> REQUIRED ACTION
Among the entries below, please repeat exactly and only the lines from the line containing "by (rule sum.cong)" to the line containing "(real i)) = harm", both lines included.

****************************************

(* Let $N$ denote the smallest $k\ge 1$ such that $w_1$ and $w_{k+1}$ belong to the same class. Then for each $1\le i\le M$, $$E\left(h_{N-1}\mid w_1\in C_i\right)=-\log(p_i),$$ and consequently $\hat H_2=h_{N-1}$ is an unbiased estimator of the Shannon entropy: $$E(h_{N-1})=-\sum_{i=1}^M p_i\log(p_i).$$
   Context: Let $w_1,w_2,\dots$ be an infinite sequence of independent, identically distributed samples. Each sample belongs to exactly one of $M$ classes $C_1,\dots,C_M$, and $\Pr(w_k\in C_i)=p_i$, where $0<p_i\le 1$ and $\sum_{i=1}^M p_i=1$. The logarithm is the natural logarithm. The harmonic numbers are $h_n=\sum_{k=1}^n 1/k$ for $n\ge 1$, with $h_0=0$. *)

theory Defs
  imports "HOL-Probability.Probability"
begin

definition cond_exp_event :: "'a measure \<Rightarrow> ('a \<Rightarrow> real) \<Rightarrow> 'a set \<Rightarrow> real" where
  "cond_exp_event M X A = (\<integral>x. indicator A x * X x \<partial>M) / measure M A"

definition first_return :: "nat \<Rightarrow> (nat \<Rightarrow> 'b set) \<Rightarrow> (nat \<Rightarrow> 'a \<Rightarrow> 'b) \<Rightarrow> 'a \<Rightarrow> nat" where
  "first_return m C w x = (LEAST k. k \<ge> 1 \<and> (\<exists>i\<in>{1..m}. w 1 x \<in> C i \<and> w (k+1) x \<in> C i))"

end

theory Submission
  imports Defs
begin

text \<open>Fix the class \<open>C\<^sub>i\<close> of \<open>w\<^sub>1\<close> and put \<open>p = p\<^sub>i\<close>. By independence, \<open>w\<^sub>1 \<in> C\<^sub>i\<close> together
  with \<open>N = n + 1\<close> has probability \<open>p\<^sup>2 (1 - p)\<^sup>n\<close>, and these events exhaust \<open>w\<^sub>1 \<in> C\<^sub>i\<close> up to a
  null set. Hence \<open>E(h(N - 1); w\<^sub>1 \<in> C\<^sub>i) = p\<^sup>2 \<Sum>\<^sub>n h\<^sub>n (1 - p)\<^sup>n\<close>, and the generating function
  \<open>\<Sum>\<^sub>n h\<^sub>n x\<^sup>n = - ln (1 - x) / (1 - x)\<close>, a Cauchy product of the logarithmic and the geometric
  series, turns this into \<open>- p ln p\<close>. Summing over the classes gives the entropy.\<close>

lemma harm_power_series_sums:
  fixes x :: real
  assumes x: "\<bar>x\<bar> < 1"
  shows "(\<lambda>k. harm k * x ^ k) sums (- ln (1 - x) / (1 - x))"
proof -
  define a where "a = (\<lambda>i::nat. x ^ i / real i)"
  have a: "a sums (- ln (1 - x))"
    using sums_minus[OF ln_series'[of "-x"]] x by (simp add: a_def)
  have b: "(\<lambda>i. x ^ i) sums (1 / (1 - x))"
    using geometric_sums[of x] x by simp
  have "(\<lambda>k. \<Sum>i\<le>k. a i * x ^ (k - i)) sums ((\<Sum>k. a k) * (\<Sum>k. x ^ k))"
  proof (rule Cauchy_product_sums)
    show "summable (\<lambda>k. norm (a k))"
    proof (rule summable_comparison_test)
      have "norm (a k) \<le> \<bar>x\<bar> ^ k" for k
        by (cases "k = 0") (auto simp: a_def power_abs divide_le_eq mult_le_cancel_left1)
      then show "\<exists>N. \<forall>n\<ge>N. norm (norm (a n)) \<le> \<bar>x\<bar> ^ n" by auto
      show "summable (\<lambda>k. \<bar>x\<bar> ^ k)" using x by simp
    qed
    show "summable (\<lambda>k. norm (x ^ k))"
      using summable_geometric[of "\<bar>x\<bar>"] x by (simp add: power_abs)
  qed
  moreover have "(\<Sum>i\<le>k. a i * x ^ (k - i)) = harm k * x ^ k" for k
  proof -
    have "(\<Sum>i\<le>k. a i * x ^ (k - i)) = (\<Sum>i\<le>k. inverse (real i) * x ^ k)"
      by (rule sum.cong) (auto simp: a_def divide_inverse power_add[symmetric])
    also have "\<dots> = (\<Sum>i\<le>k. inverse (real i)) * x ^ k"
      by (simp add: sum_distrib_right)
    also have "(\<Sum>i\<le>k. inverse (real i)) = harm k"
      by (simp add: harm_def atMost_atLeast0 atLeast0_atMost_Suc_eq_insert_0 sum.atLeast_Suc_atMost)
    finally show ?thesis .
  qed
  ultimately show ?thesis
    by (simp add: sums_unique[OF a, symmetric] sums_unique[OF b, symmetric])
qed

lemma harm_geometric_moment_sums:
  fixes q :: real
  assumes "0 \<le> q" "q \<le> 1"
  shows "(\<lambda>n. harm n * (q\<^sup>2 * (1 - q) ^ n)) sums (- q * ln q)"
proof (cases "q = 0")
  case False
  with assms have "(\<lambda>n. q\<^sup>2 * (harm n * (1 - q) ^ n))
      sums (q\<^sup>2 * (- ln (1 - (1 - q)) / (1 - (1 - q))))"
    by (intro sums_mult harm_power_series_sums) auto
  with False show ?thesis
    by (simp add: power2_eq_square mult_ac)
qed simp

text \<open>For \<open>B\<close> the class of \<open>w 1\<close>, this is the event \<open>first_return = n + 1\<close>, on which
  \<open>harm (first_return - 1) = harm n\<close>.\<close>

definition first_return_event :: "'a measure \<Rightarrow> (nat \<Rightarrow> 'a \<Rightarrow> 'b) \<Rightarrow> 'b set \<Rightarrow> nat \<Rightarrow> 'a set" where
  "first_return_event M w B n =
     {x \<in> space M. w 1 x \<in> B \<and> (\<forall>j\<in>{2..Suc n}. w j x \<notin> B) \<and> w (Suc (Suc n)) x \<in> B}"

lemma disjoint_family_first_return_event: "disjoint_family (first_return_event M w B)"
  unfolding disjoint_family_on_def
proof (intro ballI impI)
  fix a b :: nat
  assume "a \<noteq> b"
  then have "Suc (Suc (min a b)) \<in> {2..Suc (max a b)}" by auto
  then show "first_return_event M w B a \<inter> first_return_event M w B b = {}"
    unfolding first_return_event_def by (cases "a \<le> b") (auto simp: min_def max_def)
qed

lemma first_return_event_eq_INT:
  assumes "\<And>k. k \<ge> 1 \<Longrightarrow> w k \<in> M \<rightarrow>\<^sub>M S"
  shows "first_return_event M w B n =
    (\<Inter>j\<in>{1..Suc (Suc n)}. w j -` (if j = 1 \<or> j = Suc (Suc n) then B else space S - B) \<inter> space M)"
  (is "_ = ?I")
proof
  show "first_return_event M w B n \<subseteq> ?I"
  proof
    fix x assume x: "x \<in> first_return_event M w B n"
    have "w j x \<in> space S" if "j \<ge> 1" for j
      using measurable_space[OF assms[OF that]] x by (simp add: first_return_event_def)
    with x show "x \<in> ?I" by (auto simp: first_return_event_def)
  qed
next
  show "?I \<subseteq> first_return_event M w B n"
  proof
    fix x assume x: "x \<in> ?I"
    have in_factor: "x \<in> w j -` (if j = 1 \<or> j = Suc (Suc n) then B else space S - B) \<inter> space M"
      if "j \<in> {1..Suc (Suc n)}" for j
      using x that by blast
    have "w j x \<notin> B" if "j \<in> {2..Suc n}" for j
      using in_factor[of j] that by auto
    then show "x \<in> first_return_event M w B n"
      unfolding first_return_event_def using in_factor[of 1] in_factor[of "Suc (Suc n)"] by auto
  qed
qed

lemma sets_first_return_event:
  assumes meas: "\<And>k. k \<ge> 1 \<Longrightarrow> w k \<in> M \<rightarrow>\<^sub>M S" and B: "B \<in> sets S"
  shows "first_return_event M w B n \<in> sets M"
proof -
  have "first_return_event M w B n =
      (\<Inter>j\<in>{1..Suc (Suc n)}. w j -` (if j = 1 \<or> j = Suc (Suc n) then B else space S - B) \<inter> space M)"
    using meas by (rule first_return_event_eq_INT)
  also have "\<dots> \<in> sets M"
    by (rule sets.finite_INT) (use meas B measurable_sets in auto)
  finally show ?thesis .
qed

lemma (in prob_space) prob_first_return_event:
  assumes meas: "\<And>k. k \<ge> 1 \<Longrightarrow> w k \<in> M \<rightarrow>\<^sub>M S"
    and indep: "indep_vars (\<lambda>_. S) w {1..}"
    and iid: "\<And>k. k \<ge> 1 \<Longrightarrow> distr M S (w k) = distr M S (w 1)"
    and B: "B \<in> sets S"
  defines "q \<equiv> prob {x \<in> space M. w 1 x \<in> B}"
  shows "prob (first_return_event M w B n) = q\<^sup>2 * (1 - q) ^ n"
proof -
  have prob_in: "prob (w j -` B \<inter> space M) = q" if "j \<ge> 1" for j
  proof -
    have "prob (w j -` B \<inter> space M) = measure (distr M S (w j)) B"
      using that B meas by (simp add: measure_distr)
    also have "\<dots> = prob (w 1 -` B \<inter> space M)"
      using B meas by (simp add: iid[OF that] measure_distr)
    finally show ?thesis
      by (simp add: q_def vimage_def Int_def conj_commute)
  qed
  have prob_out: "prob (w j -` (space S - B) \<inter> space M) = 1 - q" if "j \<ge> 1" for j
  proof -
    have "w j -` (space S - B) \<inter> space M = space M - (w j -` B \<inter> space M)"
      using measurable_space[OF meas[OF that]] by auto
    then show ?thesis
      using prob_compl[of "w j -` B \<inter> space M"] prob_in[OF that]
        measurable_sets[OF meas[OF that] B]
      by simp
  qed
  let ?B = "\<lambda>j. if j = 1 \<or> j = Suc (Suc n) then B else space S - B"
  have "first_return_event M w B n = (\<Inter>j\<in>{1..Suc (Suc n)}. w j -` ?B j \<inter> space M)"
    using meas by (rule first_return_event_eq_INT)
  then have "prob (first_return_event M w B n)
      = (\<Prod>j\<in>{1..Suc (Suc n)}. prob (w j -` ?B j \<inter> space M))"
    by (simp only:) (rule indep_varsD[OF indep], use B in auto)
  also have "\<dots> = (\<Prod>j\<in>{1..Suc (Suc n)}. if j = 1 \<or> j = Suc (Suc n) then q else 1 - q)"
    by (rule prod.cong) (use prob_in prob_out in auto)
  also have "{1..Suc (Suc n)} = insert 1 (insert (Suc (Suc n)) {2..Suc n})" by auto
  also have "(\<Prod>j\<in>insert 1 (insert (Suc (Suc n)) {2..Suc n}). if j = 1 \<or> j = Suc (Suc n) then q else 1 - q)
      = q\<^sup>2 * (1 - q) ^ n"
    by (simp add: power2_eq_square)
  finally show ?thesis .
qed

****************************************

> FINISHED EXERCISE
      by (rule sum.cong) (auto simp: a_def divide_inverse power_add[symmetric])
    also have "\<dots> = (\<Sum>i\<le>k. inverse (real i)) * x ^ k"
      by (simp add: sum_distrib_right)
    also have "(\<Sum>i\<le>k. inverse (real i)) = harm k"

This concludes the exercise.